-- EXERCISE INPUTS follows --

(* For $0<q<1$, $$\log\tilde\Gamma(q)=-\log q+\tilde\gamma_0\, q+\sum_{k=2}^\infty\frac{(-1)^{k-1}\zeta_E(k)}{k}\,q^k,$$ where $\tilde\Gamma(q)=\frac1q e^{\tilde\gamma_0 q}\prod_{k=1}^\infty\left(e^{-\frac qk}\left(1+\frac qk\right)\right)^{(-1)^{k+1}}$.
   Context: $\zeta_E(z)=\sum_{n=1}^\infty(-1)^{n+1}n^{-z}$ (alternating zeta function, continued analytically in $z$). For $q>0$, $\zeta_E(z,q)=\sum_{n=0}^\infty (-1)^n (n+q)^{-z}$ for $\mathrm{Re}(z)>0$, extended analytically; the modified Stieltjes constants $\tilde\gamma_k(q)$ are defined by $\zeta_E(z,q)=\sum_{k\ge0}\frac{(-1)^k\tilde\gamma_k(q)}{k!}(z-1)^k$, and $\tilde\gamma_0:=\tilde\gamma_0(1)=\zeta_E(1)$. The modified gamma function $\tilde\Gamma$ is the function given by the product above for $q>0$; it satisfies $\frac{d}{dq}\log\tilde\Gamma(q)=-\zeta_E(1,q)$. *)

theory Defs
  imports "HOL-Analysis.Analysis"
begin

text \<open>Alternating zeta function on real arguments s > 0, where the defining series
  sum_{n>=1} (-1)^(n+1) n^(-s) converges (conditionally for 0 < s <= 1); this
  agrees there with its analytic continuation.\<close>
definition zetaE :: "real \<Rightarrow> real" where
  "zetaE s = (\<Sum>n. (-1) ^ n / (real (Suc n)) powr s)"

definition gamma0E :: real where
  "gamma0E = zetaE 1"

definition GammaE :: "real \<Rightarrow> real" where
  "GammaE q = (1 / q) * exp (gamma0E * q) *
     (\<Prod>k. (exp (- q / real (Suc k)) * (1 + q / real (Suc k))) powr ((-1) ^ (Suc k + 1)))"

end

theory Submission
  imports Defs
begin

text \<open>Taking logarithms in the product, ln GammaE q + ln q - gamma0E q is the alternating
  series of (-1)^k (ln (1 + x_k) - x_k) with x_k = q/(k+1). Expanding each term in its Taylor
  series gives a double series in (k, n) which, for |q| < 1, is dominated by |q|^n/(k+1)^2 and
  hence absolutely convergent. Summing it over k first instead collects, for each n, the
  alternating Dirichlet series zetaE (n + 2).\<close>

lemma summable_on_sums_imp_has_sum:
  fixes f :: "nat \<Rightarrow> 'a::{topological_comm_monoid_add, t2_space}"
  assumes "f summable_on UNIV" and "f sums S"
  shows "(f has_sum S) UNIV"
  using has_sum_infsum[OF assms(1)] has_sum_imp_sums sums_unique2 assms(2) by metis

lemma sums_rows_columns_of_summable_on:
  fixes f :: "nat \<Rightarrow> nat \<Rightarrow> real"
  assumes summable: "(\<lambda>(m, n). f m n) summable_on UNIV \<times> UNIV"
    and rows: "\<And>m. f m sums r m"
    and columns: "\<And>n. (\<lambda>m. f m n) sums c n"
  obtains S where "r sums S" and "c sums S"
proof -
  from summable obtain S where S: "((\<lambda>(m, n). f m n) has_sum S) (UNIV \<times> UNIV)"
    by (auto simp: summable_on_def)
  have summable': "(\<lambda>(n, m). f m n) summable_on UNIV \<times> UNIV"
    using summable summable_on_swap by fastforce
  have "(r has_sum S) UNIV"
  proof (rule has_sum_SigmaD[OF S])
    show "((\<lambda>n. case (m, n) of (m, n) \<Rightarrow> f m n) has_sum r m) UNIV" for m
      using summable_on_sums_imp_has_sum[OF summable_on_SigmaD1[OF summable] rows] by simp
  qed
  moreover have "(c has_sum S) UNIV"
  proof (rule has_sum_SigmaD)
    show "((\<lambda>(n, m). f m n) has_sum S) (UNIV \<times> UNIV)"
      using S has_sum_swap by fastforce
    show "((\<lambda>m. case (n, m) of (n, m) \<Rightarrow> f m n) has_sum c n) UNIV" for n
      using summable_on_sums_imp_has_sum[OF summable_on_SigmaD1[OF summable'] columns] by simp
  qed
  ultimately show ?thesis using that has_sum_imp_sums by blast
qed

lemma summable_on_times_nonneg:
  fixes a b :: "nat \<Rightarrow> real"
  assumes "summable a" "summable b" "\<And>m. a m \<ge> 0" "\<And>n. b n \<ge> 0"
  shows "(\<lambda>(m, n). a m * b n) summable_on UNIV \<times> UNIV"
proof (rule summable_on_SigmaI)
  show "((\<lambda>n. case (m, n) of (m, n) \<Rightarrow> a m * b n) has_sum a m * suminf b) UNIV" for m
    using has_sum_cmult_right[OF sums_nonneg_imp_has_sum[OF summable_sums]] assms by simp
  show "(\<lambda>m. a m * suminf b) summable_on UNIV"
    using assms by (intro summable_nonneg_imp_summable_on summable_mult2 mult_nonneg_nonneg suminf_nonneg)
qed (use assms in auto)

lemma zetaE_sums:
  assumes "s > 0"
  shows "(\<lambda>n. (-1) ^ n / real (Suc n) powr s) sums zetaE s"
proof -
  have "summable (\<lambda>n. (-1) ^ n * real (Suc n) powr (- s))"
  proof (rule summable_Leibniz')
    show "(\<lambda>n. real (Suc n) powr (- s)) \<longlonglongrightarrow> 0"
      using assms by (intro tendsto_neg_powr filterlim_real_sequentially
          filterlim_compose[OF _ filterlim_Suc]) auto
    show "real (Suc (Suc n)) powr (- s) \<le> real (Suc n) powr (- s)" for n
      using assms by (intro powr_mono2') auto
  qed simp
  then show ?thesis
    by (simp add: zetaE_def summable_sums powr_minus_divide)
qed

lemma ln_add_one_minus_sums:
  fixes x :: real
  assumes "\<bar>x\<bar> < 1"
  shows "(\<lambda>n. (-1) ^ (n + 1) * x ^ (n + 2) / real (n + 2)) sums (ln (1 + x) - x)"
proof -
  have "(\<lambda>m. - ((- x) ^ m) / real m) sums ln (1 + x)"
    using ln_series'[OF assms] .
  then have "(\<lambda>n. - ((- x) ^ (n + 2)) / real (n + 2)) sums (ln (1 + x) - x)"
    by (subst sums_iff_shift) (simp add: eval_nat_numeral)
  moreover have "- ((- x) ^ (n + 2)) = (-1) ^ (n + 1) * x ^ (n + 2)" for n
    by (simp add: power_minus[of x])
  ultimately show ?thesis by (simp only:)
qed

definition log_GammaE_summand :: "real \<Rightarrow> nat \<Rightarrow> nat \<Rightarrow> real" where
  "log_GammaE_summand q k n =
     (-1) ^ k * ((-1) ^ (n + 1) * (q / real (Suc k)) ^ (n + 2) / real (n + 2))"

lemma log_GammaE_summand_row_sums:
  assumes "\<bar>q\<bar> < 1"
  shows "log_GammaE_summand q k sums ((-1) ^ k * (ln (1 + q / real (Suc k)) - q / real (Suc k)))"
proof -
  have "\<bar>q / real (Suc k)\<bar> < 1"
    using assms by (simp add: field_simps)
  from sums_mult[OF ln_add_one_minus_sums[OF this], of "(-1) ^ k"] show ?thesis
    by (simp add: log_GammaE_summand_def[abs_def])
qed

lemma log_GammaE_summand_column_sums:
  "(\<lambda>k. log_GammaE_summand q k n) sums
     ((-1) ^ (n + 1) * zetaE (real (n + 2)) / real (n + 2) * q ^ (n + 2))"
proof -
  have pow: "real (Suc k) powr real (n + 2) = real (Suc k) ^ (n + 2)" for k
    by (rule powr_realpow) simp
  have "(\<lambda>k. (-1) ^ k / real (Suc k) ^ (n + 2)) sums zetaE (real (n + 2))"
    using zetaE_sums[of "real (n + 2)"] unfolding pow by simp
  then have "(\<lambda>k. (-1) ^ (n + 1) * q ^ (n + 2) / real (n + 2) * ((-1) ^ k / real (Suc k) ^ (n + 2)))
      sums ((-1) ^ (n + 1) * q ^ (n + 2) / real (n + 2) * zetaE (real (n + 2)))"
    by (rule sums_mult)
  then show ?thesis
    by (simp add: log_GammaE_summand_def power_divide mult_ac)
qed

lemma summable_on_log_GammaE_summand:
  assumes "\<bar>q\<bar> < 1"
  shows "(\<lambda>(k, n). log_GammaE_summand q k n) summable_on UNIV \<times> UNIV"
proof -
  have "summable (\<lambda>k. inverse (real k ^ 2))"
    by (rule inverse_power_summable) simp
  then have inverse_squares: "summable (\<lambda>k. 1 / real (Suc k) ^ 2)"
    by (subst (asm) summable_Suc_iff[symmetric]) (simp add: divide_inverse)
  have majorant: "(\<lambda>(k, n). 1 / real (Suc k) ^ 2 * \<bar>q\<bar> ^ n) summable_on UNIV \<times> UNIV"
    using assms by (intro summable_on_times_nonneg inverse_squares summable_geometric) auto
  have bound: "\<bar>log_GammaE_summand q k n\<bar> \<le> 1 / real (Suc k) ^ 2 * \<bar>q\<bar> ^ n" for k n
  proof -
    have "\<bar>log_GammaE_summand q k n\<bar> = \<bar>q\<bar> ^ 2 * \<bar>q\<bar> ^ n / (real (n + 2) * real (Suc k) ^ (n + 2))"
      by (simp add: log_GammaE_summand_def abs_mult power_abs power_divide power_add power2_eq_square mult_ac)
    also have "\<dots> \<le> \<bar>q\<bar> ^ n / real (Suc k) ^ 2"
    proof (rule frac_le)
      show "\<bar>q\<bar> ^ 2 * \<bar>q\<bar> ^ n \<le> \<bar>q\<bar> ^ n"
        using assms by (intro mult_left_le_one_le power_le_one) auto
      have "real (Suc k) ^ 2 \<le> real (Suc k) ^ (n + 2)"
        by (rule power_increasing) auto
      also have "\<dots> \<le> real (n + 2) * real (Suc k) ^ (n + 2)"
        using mult_right_mono[of 1 "real (n + 2)" "real (Suc k) ^ (n + 2)"] by simp
      finally show "real (Suc k) ^ 2 \<le> real (n + 2) * real (Suc k) ^ (n + 2)" .
    qed auto
    finally show ?thesis by simp
  qed
  show ?thesis
  proof (rule summable_on_iff_abs_summable_on_real[THEN iffD2],
      rule summable_on_comparison_test[OF majorant])
    show "norm (case p of (k, n) \<Rightarrow> log_GammaE_summand q k n)
        \<le> (case p of (k, n) \<Rightarrow> 1 / real (Suc k) ^ 2 * \<bar>q\<bar> ^ n)" for p
      using bound[of "fst p" "snd p"] by (simp add: case_prod_beta)
  qed simp
qed

lemma GammaE_factor_eq_exp:
  fixes x :: real
  assumes "x > -1"
  shows "(exp (- x) * (1 + x)) powr ((-1) ^ (Suc k + 1)) = exp ((-1) ^ k * (ln (1 + x) - x))"
proof -
  have "ln (exp (- x) * (1 + x)) = ln (1 + x) - x"
    using assms by (simp add: ln_mult_pos)
  with assms show ?thesis by (simp add: powr_def)
qed

lemma ln_GammaE_eq_sum:
  assumes "q > 0"
    and "(\<lambda>k. (-1) ^ k * (ln (1 + q / real (Suc k)) - q / real (Suc k))) sums S"
  shows "ln (GammaE q) = S - ln q + gamma0E * q"
proof -
  have factor: "(exp (- q / real (Suc k)) * (1 + q / real (Suc k))) powr ((-1) ^ (Suc k + 1))
      = exp ((-1) ^ k * (ln (1 + q / real (Suc k)) - q / real (Suc k)))" for k
  proof -
    have "0 < q / real (Suc k)"
      using assms(1) by simp
    then have "-1 < q / real (Suc k)"
      by linarith
    from GammaE_factor_eq_exp[OF this, of k] show ?thesis
      by (simp only: minus_divide_left)
  qed
  have "(\<Prod>k. (exp (- q / real (Suc k)) * (1 + q / real (Suc k))) powr ((-1) ^ (Suc k + 1))) = exp S"
    unfolding factor prodinf_exp[OF sums_summable[OF assms(2)]] sums_unique[OF assms(2), symmetric] ..
  then have "GammaE q = 1 / q * exp (gamma0E * q) * exp S"
    by (simp add: GammaE_def)
  with assms(1) show ?thesis
    by (simp add: ln_mult ln_div)
qed

theorem corollary3p13:
  fixes q :: real
  assumes "0 < q" and "q < 1"
  shows "(\<lambda>n. (-1) ^ (n + 1) * zetaE (real (n + 2)) / real (n + 2) * q ^ (n + 2))
           sums (ln (GammaE q) + ln q - gamma0E * q)"
proof -
  have "\<bar>q\<bar> < 1" using assms by simp
  obtain S
    where rows: "(\<lambda>k. (-1) ^ k * (ln (1 + q / real (Suc k)) - q / real (Suc k))) sums S"
      and columns: "(\<lambda>n. (-1) ^ (n + 1) * zetaE (real (n + 2)) / real (n + 2) * q ^ (n + 2)) sums S"
    using sums_rows_columns_of_summable_on[OF summable_on_log_GammaE_summand[OF \<open>\<bar>q\<bar> < 1\<close>]
        log_GammaE_summand_row_sums[OF \<open>\<bar>q\<bar> < 1\<close>] log_GammaE_summand_column_sums] .
  have "ln (GammaE q) = S - ln q + gamma0E * q"
    using ln_GammaE_eq_sum[OF assms(1) rows] .
  with columns show ?thesis by simp
qed

end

-- EXERCISE INPUTS concluded --

**EXERCISE REQUIREMENTS:** In the data above, find the line with "(Suc k) powr" and the line with "pow by simp". Retype both, plus every line between them, exactly.

**RESPONSE AREA:**
  have pow: "real (Suc k) powr real (n + 2) = real (Suc k) ^ (n + 2)" for k
    by (rule powr_realpow) simp
  have "(\<lambda>k. (-1) ^ k / real (Suc k) ^ (n + 2)) sums zetaE (real (n + 2))"
    using zetaE_sums[of "real (n + 2)"] unfolding pow by simp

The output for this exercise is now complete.